## [Task prompt]
Scan the records for lines with the word "definition", and copy every such line.

## [Data excerpts]

____

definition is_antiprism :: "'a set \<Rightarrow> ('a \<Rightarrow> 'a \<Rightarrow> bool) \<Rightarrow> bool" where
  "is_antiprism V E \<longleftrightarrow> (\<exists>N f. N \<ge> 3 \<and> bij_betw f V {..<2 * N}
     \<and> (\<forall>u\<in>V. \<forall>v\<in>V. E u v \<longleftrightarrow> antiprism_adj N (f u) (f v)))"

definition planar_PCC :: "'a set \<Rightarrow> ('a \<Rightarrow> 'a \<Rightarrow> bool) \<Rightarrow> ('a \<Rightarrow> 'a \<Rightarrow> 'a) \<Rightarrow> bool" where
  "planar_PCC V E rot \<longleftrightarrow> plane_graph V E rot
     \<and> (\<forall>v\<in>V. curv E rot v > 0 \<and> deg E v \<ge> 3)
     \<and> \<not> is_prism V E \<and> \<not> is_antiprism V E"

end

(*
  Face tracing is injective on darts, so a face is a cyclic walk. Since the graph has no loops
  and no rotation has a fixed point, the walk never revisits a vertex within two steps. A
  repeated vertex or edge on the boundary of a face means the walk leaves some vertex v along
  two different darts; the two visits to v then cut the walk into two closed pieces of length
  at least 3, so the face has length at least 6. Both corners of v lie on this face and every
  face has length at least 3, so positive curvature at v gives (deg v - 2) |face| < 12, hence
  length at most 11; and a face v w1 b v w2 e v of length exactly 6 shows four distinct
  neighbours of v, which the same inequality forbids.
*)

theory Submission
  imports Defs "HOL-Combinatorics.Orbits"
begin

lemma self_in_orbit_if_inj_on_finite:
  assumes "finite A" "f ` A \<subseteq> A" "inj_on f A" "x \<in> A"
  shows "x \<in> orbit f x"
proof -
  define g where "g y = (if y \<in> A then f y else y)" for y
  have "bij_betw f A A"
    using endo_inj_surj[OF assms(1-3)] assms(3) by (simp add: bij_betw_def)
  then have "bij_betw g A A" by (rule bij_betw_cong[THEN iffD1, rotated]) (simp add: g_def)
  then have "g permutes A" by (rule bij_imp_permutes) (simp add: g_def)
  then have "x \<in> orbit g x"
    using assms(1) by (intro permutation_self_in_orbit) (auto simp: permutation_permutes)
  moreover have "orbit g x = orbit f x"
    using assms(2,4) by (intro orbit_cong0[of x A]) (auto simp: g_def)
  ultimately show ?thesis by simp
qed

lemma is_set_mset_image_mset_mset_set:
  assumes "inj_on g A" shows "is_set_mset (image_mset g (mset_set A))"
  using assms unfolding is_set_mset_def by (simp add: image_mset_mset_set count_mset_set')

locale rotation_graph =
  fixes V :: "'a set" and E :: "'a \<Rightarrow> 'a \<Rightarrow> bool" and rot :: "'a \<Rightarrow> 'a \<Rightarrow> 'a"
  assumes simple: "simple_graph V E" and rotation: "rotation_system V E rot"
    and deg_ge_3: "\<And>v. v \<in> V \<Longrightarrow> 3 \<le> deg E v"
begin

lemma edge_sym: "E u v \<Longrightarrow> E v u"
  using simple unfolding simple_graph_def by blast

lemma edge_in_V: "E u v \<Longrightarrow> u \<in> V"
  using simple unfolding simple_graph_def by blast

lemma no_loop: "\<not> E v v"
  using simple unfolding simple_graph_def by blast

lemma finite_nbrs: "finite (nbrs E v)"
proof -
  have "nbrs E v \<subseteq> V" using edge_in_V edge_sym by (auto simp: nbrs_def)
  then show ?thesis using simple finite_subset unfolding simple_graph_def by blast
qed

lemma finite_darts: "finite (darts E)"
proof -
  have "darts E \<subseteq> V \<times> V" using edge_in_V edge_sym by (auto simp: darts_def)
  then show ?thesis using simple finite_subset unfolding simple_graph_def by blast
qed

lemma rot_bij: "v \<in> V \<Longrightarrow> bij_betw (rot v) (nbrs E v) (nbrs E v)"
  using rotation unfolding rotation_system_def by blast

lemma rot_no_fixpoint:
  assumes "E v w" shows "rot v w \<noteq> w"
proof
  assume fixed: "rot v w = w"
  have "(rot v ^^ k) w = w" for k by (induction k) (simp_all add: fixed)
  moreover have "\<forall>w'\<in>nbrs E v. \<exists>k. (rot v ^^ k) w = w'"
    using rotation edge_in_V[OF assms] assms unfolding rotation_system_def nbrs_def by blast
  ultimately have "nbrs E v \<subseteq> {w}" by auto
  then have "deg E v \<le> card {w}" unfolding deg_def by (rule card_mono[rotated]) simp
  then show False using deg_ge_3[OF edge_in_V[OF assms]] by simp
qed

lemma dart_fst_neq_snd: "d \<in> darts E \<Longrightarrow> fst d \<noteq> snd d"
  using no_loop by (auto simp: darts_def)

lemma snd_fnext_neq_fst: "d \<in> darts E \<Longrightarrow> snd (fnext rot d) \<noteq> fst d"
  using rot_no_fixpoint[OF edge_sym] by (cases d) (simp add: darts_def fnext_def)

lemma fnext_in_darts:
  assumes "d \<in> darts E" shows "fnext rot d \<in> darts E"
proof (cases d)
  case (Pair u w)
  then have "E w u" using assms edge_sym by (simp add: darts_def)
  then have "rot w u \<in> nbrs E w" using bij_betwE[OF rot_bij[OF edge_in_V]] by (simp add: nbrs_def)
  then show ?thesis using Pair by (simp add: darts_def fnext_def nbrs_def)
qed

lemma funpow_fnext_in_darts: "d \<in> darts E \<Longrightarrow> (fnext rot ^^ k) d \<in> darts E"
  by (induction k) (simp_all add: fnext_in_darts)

____

## [Solved exercise]
definition is_antiprism :: "'a set \<Rightarrow> ('a \<Rightarrow> 'a \<Rightarrow> bool) \<Rightarrow> bool" where
definition planar_PCC :: "'a set \<Rightarrow> ('a \<Rightarrow> 'a \<Rightarrow> bool) \<Rightarrow> ('a \<Rightarrow> 'a \<Rightarrow> 'a) \<Rightarrow> bool" where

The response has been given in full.